*WHAT YOU SHOULD DO*.
For each line of the listing that includes the word "True", show the whole line.

*MATERIALS PROVIDED*.

lemma gain_ge_feasible:
  assumes "has_competitive_ratio M r \<alpha>" "0 \<le> \<alpha>" "b \<in> vecs M" "s \<in> vecs M"
    and "j \<in> Feasible M b s" "0 < b j + s j"
  shows "\<alpha> * (b j + s j) \<le> gain M r b s"
proof -
  have "finite (Feasible M b s)" unfolding Feasible_def by auto
  then have opt: "b j + s j \<le> OPT M b s" unfolding OPT_def using assms(5) by auto
  then have "\<alpha> \<le> gain M r b s / OPT M b s"
    using assms(1,3,4,6) unfolding has_competitive_ratio_def by auto
  then have "\<alpha> * OPT M b s \<le> gain M r b s" using opt assms(6) by (simp add: pos_le_divide_eq)
  moreover have "\<alpha> * (b j + s j) \<le> \<alpha> * OPT M b s" using opt assms(2) by (rule mult_left_mono)
  ultimately show ?thesis by linarith
qed

lemma le_if_le_plus_pos_mult:
  fixes a b c :: real
  assumes "\<And>\<epsilon>. 0 < \<epsilon> \<Longrightarrow> a \<le> b + \<epsilon> * c"
  shows "a \<le> b"
proof (cases "c \<le> 0")
  case True
  then show ?thesis using assms[of 1] by simp
next
  case False
  show ?thesis
  proof (rule field_le_epsilon)
    fix e :: real assume "0 < e"
    then show "a \<le> b + e" using assms[of "e / c"] False by simp
  qed
qed

lemma utility_ge_first_entry:
  assumes mech: "mechanism M r" and dsic: "DSIC M r" and cr: "has_competitive_ratio M r \<alpha>"
    and "0 \<le> \<alpha>" "1 \<le> M" and b: "b \<in> vecs M" and "0 \<le> b 1"
  shows "\<alpha> * b 1 \<le> expected_value M (r b (s_star M)) b"
proof (rule le_if_le_plus_pos_mult[where c = "real M"])
  fix \<epsilon> :: real assume "0 < \<epsilon>"
  define K where "K = 1 / \<epsilon>"
  define x where "x = (\<lambda>i. K * b i)"
  define s where "s = s_star M"
  have x: "x \<in> vecs M" unfolding x_def using b by (rule vecs_scale)
  have s: "s \<in> vecs M" unfolding s_def by (rule s_star_in_vecs)
  have "0 < K" unfolding K_def using \<open>0 < \<epsilon>\<close> by simp
  have x1: "x 1 + s 1 = K * b 1 + 1" unfolding x_def s_def s_star_def using \<open>1 \<le> M\<close> by simp
  have pos: "0 < x 1 + s 1"
    unfolding x1 using \<open>0 < K\<close> \<open>0 \<le> b 1\<close> by (intro add_nonneg_pos mult_nonneg_nonneg) auto
  have "1 \<in> Feasible M x s"
    using \<open>1 \<le> M\<close> \<open>0 < K\<close> \<open>0 \<le> b 1\<close> unfolding Feasible_def by (auto simp: x_def s_def s_star_def)
  then have "\<alpha> * (x 1 + s 1) \<le> gain M r x s"
    using pos by (rule gain_ge_feasible[OF cr \<open>0 \<le> \<alpha>\<close> x s])
  then have "\<alpha> * (K * b 1 + 1) \<le> gain M r x s" unfolding x1 .
  also have "\<dots> = K * expected_value M (r x s) b + expected_value M (r x s) s"
    unfolding gain_eq_expected_values by (simp add: x_def expected_value_scale)
  also have "\<dots> \<le> K * expected_value M (r b s) b + real M"
    using DSIC_buyer[OF dsic b x s] \<open>0 < K\<close>
      expected_value_le_bound[OF mech x s, of "real M"]
    by (intro add_mono mult_left_mono) (auto simp: s_def s_star_def)
  finally have "K * (\<alpha> * b 1) \<le> K * expected_value M (r b s) b + real M"
    using \<open>0 \<le> \<alpha>\<close> by (simp add: algebra_simps)
  then show "\<alpha> * b 1 \<le> expected_value M (r b (s_star M)) b + \<epsilon> * real M"
    using \<open>0 < \<epsilon>\<close> unfolding K_def s_def by (simp add: field_simps)
qed

lemma utility_ge_shifted:
  assumes dsic: "DSIC M r" and cr: "has_competitive_ratio M r \<alpha>" and "0 \<le> \<alpha>"
    and c: "c \<in> vecs M" and "1 \<le> D" "D \<le> M" "c D = 0" "0 \<le> \<mu>"
  defines "s \<equiv> s_star M"
  defines "b \<equiv> (\<lambda>i. c i + \<mu> * s i)"
  shows "expected_value M (r c s) c + \<mu> * (\<alpha> * real D) \<le> expected_value M (r b s) b"
proof (rule le_if_le_plus_pos_mult[where c = "\<mu> * expected_value M (r c s) c"])
  fix \<epsilon> :: real assume "0 < \<epsilon>"
  define x where "x = (\<lambda>i. \<epsilon> * c i)"
  have s: "s \<in> vecs M" unfolding s_def by (rule s_star_in_vecs)
  have x: "x \<in> vecs M" unfolding x_def using c by (rule vecs_scale)
  have b: "b \<in> vecs M" unfolding b_def using c vecs_scale[OF s] by (rule vecs_add)
  have xD: "x D + s D = real D" unfolding x_def s_def s_star_def using assms(5-7) by simp
  have "D \<in> Feasible M x s" "0 < x D + s D"
    using assms(5-7) xD unfolding Feasible_def by (auto simp: x_def)
  then have "\<alpha> * (x D + s D) \<le> gain M r x s" by (rule gain_ge_feasible[OF cr \<open>0 \<le> \<alpha>\<close> x s])
  then have "\<alpha> * real D \<le> gain M r x s" unfolding xD .
  also have "\<dots> = \<epsilon> * expected_value M (r c s) c + expected_value M (r x s) s"
    unfolding gain_eq_expected_values x_def expected_value_scale
    using DSIC_buyer_scale_invariant[OF dsic c s \<open>0 < \<epsilon>\<close>] by simp
  finally have seller_share:
    "\<alpha> * real D - \<epsilon> * expected_value M (r c s) c \<le> expected_value M (r x s) s"
    by simp
  have "expected_value M (r c s) c + \<mu> * (\<alpha> * real D - \<epsilon> * expected_value M (r c s) c)
      \<le> expected_value M (r x s) c + \<mu> * expected_value M (r x s) s"
    using DSIC_buyer_scale_invariant[OF dsic c s \<open>0 < \<epsilon>\<close>] seller_share \<open>0 \<le> \<mu>\<close>
    unfolding x_def by (simp add: mult_left_mono)
  also have "\<dots> = expected_value M (r x s) b"
    unfolding b_def expected_value_add expected_value_scale ..
  also have "\<dots> \<le> expected_value M (r b s) b" using DSIC_buyer[OF dsic b x s] .
  finally show "expected_value M (r c s) c + \<mu> * (\<alpha> * real D)
      \<le> expected_value M (r b s) b + \<epsilon> * (\<mu> * expected_value M (r c s) c)"
    by (simp add: algebra_simps)
qed

definition ratio_admissible :: "nat \<Rightarrow> nat \<Rightarrow> (nat \<Rightarrow> real) \<Rightarrow> bool" where
  "ratio_admissible M d b \<longleftrightarrow>
     (\<forall>i j. 1 \<le> i \<longrightarrow> i \<le> j \<longrightarrow> j \<le> d \<longrightarrow> b j / real j \<le> b i / real i) \<and> 0 \<le> b d \<and>
     (\<forall>i. d < i \<longrightarrow> i \<le> M \<longrightarrow> b i / real i \<le> b d / real d)"

lemma ratio_admissible_shift:
  assumes adm: "ratio_admissible M (Suc n) b" and "1 \<le> n" "Suc n \<le> M"
  defines "\<mu> \<equiv> b (Suc n) / real (Suc n)"
  shows "ratio_admissible M n (\<lambda>i. b i - \<mu> * s_star M i)"
proof -
  define c where "c = (\<lambda>i. b i - \<mu> * s_star M i)"
  have c_ratio: "c i / real i = b i / real i - \<mu>" if "1 \<le> i" "i \<le> M" for i
    using that unfolding c_def s_star_def by (simp add: field_simps)
  have "\<mu> \<le> b n / real n"
    using adm \<open>1 \<le> n\<close> unfolding ratio_admissible_def \<mu>_def by (meson le_SucI order_refl)
  then have cn: "0 \<le> c n / real n" using c_ratio \<open>1 \<le> n\<close> \<open>Suc n \<le> M\<close> by simp
  have "c i / real i \<le> c n / real n" if "n < i" "i \<le> M" for i
  proof (cases "i = Suc n")
    case True
    have "c (Suc n) = 0" unfolding c_def s_star_def \<mu>_def using \<open>Suc n \<le> M\<close> by simp
    with True show ?thesis using cn by simp
  next
    case False
    then have "b i / real i \<le> \<mu>" using adm that unfolding ratio_admissible_def \<mu>_def by auto
    then show ?thesis using c_ratio[of i] that cn by simp
  qed
  moreover have "c j / real j \<le> c i / real i" if "1 \<le> i" "i \<le> j" "j \<le> n" for i j
    using adm that c_ratio[of i] c_ratio[of j] \<open>Suc n \<le> M\<close> unfolding ratio_admissible_def by auto
  moreover have "0 \<le> c n" using cn \<open>1 \<le> n\<close> by (simp add: zero_le_divide_iff)
  ultimately show ?thesis unfolding ratio_admissible_def c_def by blast
qed

lemma utility_ge_ratio_sum:
  assumes mech: "mechanism M r" and dsic: "DSIC M r" and cr: "has_competitive_ratio M r \<alpha>"
    and "0 \<le> \<alpha>" and "1 \<le> d"
  shows "d \<le> M \<Longrightarrow> b \<in> vecs M \<Longrightarrow> ratio_admissible M d b \<Longrightarrow>
    \<alpha> * (\<Sum>i=1..d. b i / real i) \<le> expected_value M (r b (s_star M)) b"
  using \<open>1 \<le> d\<close>
proof (induction d arbitrary: b rule: nat_induct_at_least)
  case base
  then show ?case
    using utility_ge_first_entry[OF mech dsic cr \<open>0 \<le> \<alpha>\<close>] by (simp add: ratio_admissible_def)
next
  case (Suc n)
  define s where "s = s_star M"
  define \<mu> where "\<mu> = b (Suc n) / real (Suc n)"
  define c where "c = (\<lambda>i. b i - \<mu> * s i)"
  have c: "c \<in> vecs M" unfolding c_def s_def
    using Suc.prems(2) vecs_scale[OF s_star_in_vecs] by (rule vecs_diff)
  have "0 \<le> \<mu>" using Suc.prems(3) unfolding ratio_admissible_def \<mu>_def by simp
  have "c (Suc n) = 0" unfolding c_def s_def s_star_def \<mu>_def using Suc.prems(1) by simp
  have b_eq: "b = (\<lambda>i. c i + \<mu> * s i)" unfolding c_def by simp
  have IH: "\<alpha> * (\<Sum>i=1..n. c i / real i) \<le> expected_value M (r c s) c"
    using Suc.IH[OF _ c] ratio_admissible_shift[OF Suc.prems(3) Suc.hyps] Suc.prems(1)
    unfolding c_def s_def \<mu>_def by simp
  have "(\<Sum>i=1..n. b i / real i) = (\<Sum>i=1..n. c i / real i + \<mu>)"
    by (rule sum.cong) (use Suc.prems(1) in \<open>auto simp: c_def s_def s_star_def field_simps\<close>)
  moreover have "(\<Sum>i=1..Suc n. b i / real i) = (\<Sum>i=1..n. b i / real i) + \<mu>"
    by (simp add: \<mu>_def)
  ultimately have "(\<Sum>i=1..Suc n. b i / real i) = (\<Sum>i=1..n. c i / real i) + \<mu> * real (Suc n)"
    by (simp add: sum.distrib algebra_simps)
  then have "\<alpha> * (\<Sum>i=1..Suc n. b i / real i)
      = \<alpha> * (\<Sum>i=1..n. c i / real i) + \<mu> * (\<alpha> * real (Suc n))"
    by (simp add: algebra_simps)
  also have "\<dots> \<le> expected_value M (r c s) c + \<mu> * (\<alpha> * real (Suc n))"
    using IH by simp
  also have "\<dots> \<le> expected_value M (r b s) b"
    using utility_ge_shifted[OF dsic cr \<open>0 \<le> \<alpha>\<close> c _ Suc.prems(1) \<open>c (Suc n) = 0\<close> \<open>0 \<le> \<mu>\<close>]
    unfolding b_eq s_def by simp
  finally show ?case unfolding s_def .
qed

lemma antimono_on_interval_if_step:
  fixes f :: "nat \<Rightarrow> real"
  assumes "\<And>k. 1 \<le> k \<Longrightarrow> k < M \<Longrightarrow> f (Suc k) \<le> f k" and "1 \<le> i" "i \<le> j" "j \<le> M"
  shows "f j \<le> f i"
  using \<open>i \<le> j\<close> \<open>j \<le> M\<close>
proof (induction j rule: dec_induct)
  case (step k)
  then show ?case using assms(1)[of k] \<open>1 \<le> i\<close> by simp
qed simp

lemma submodular_ratio_step:
  assumes "submodular M b" "b 0 = 0"
  shows "k < M \<Longrightarrow> real k * b (Suc k) \<le> real (Suc k) * b k"
proof (induction k)
  case (Suc k)
  then have "b (Suc (Suc k)) - b (Suc k) \<le> b (Suc k) - b k"
    using assms(1) unfolding submodular_def by (metis atLeastLessThan_iff diff_Suc_1 le_add1 plus_1_eq_Suc)
  then have "real (Suc k) * (b (Suc (Suc k)) - b (Suc k)) \<le> real (Suc k) * (b (Suc k) - b k)"
    by (intro mult_left_mono) auto
  then show ?case using Suc by (simp add: algebra_simps)
qed (simp add: assms(2))

lemma submodular_ratio_antimono:
  assumes "submodular M b" "b 0 = 0" "1 \<le> i" "i \<le> j" "j \<le> M"
  shows "b j / real j \<le> b i / real i"
proof (rule antimono_on_interval_if_step[where f = "\<lambda>i. b i / real i"])
  fix k assume "1 \<le> k" "k < M"
  then show "b (Suc k) / real (Suc k) \<le> b k / real k"
    using submodular_ratio_step[OF assms(1,2)]
    by (simp add: divide_simps mult.commute del: of_nat_Suc)
qed (use assms in auto)

lemma B_star_antimono:
  assumes "b \<in> B_star M d" "1 \<le> i" "i \<le> j" "j \<le> M"
  shows "b j \<le> b i"
proof -
  have "\<forall>k\<in>{1..<M}. b (Suc k) \<le> b k" using assms(1) unfolding B_star_def by simp
  then show ?thesis by (intro antimono_on_interval_if_step[OF _ assms(2-4)]) simp
qed

lemma B_star_sign:
  assumes "b \<in> B_star M d" "d \<le> M" "1 \<le> i" "i \<le> M"
  shows "i \<le> d \<Longrightarrow> 0 < b i" and "d < i \<Longrightarrow> b i \<le> 0"
proof -
  have "0 < b d" and tail: "d < M \<Longrightarrow> b (Suc d) \<le> 0" using assms(1) unfolding B_star_def by simp_all
  show "i \<le> d \<Longrightarrow> 0 < b i"
    using B_star_antimono[OF assms(1,3) _ assms(2)] \<open>0 < b d\<close> by fastforce
  show "d < i \<Longrightarrow> b i \<le> 0"
    using B_star_antimono[OF assms(1), of "Suc d" i] tail assms(4) by fastforce
qed

lemma B_star_ratio_admissible:
  assumes "b \<in> B_star M d" "1 \<le> d" "d \<le> M"
  shows "ratio_admissible M d b"
proof -
  have "b 0 = 0" and "submodular M b" and "0 < b d"
    using assms(1) unfolding B_star_def vecs_def by auto
  then show ?thesis
    unfolding ratio_admissible_def using assms(2,3)
    by (auto intro: submodular_ratio_antimono[of M b] less_imp_le)
qed

lemma expected_value_le_prefix:
  assumes "mechanism M r" "b \<in> vecs M" "s \<in> vecs M" "d \<le> M"
    and "\<forall>i\<in>{d<..M}. b i \<le> 0"
  shows "expected_value M (r b s) b \<le> (\<Sum>i=1..d. r b s i * b i)"
proof -
  have "(\<Sum>i=Suc d..M. r b s i * b i) \<le> 0"
    using assms unfolding mechanism_def by (intro sum_nonpos mult_nonneg_nonpos) auto
  moreover have "expected_value M (r b s) b
      = (\<Sum>i=1..d. r b s i * b i) + (\<Sum>i=Suc d..M. r b s i * b i)"
    unfolding expected_value_def using assms(4) using sum.ub_add_nat[of 1 d _ "M - d"] assms(4) by simp
  ultimately show ?thesis by linarith
qed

*ANSWER*.
  case True
    case True
    with True show ?thesis using cn by simp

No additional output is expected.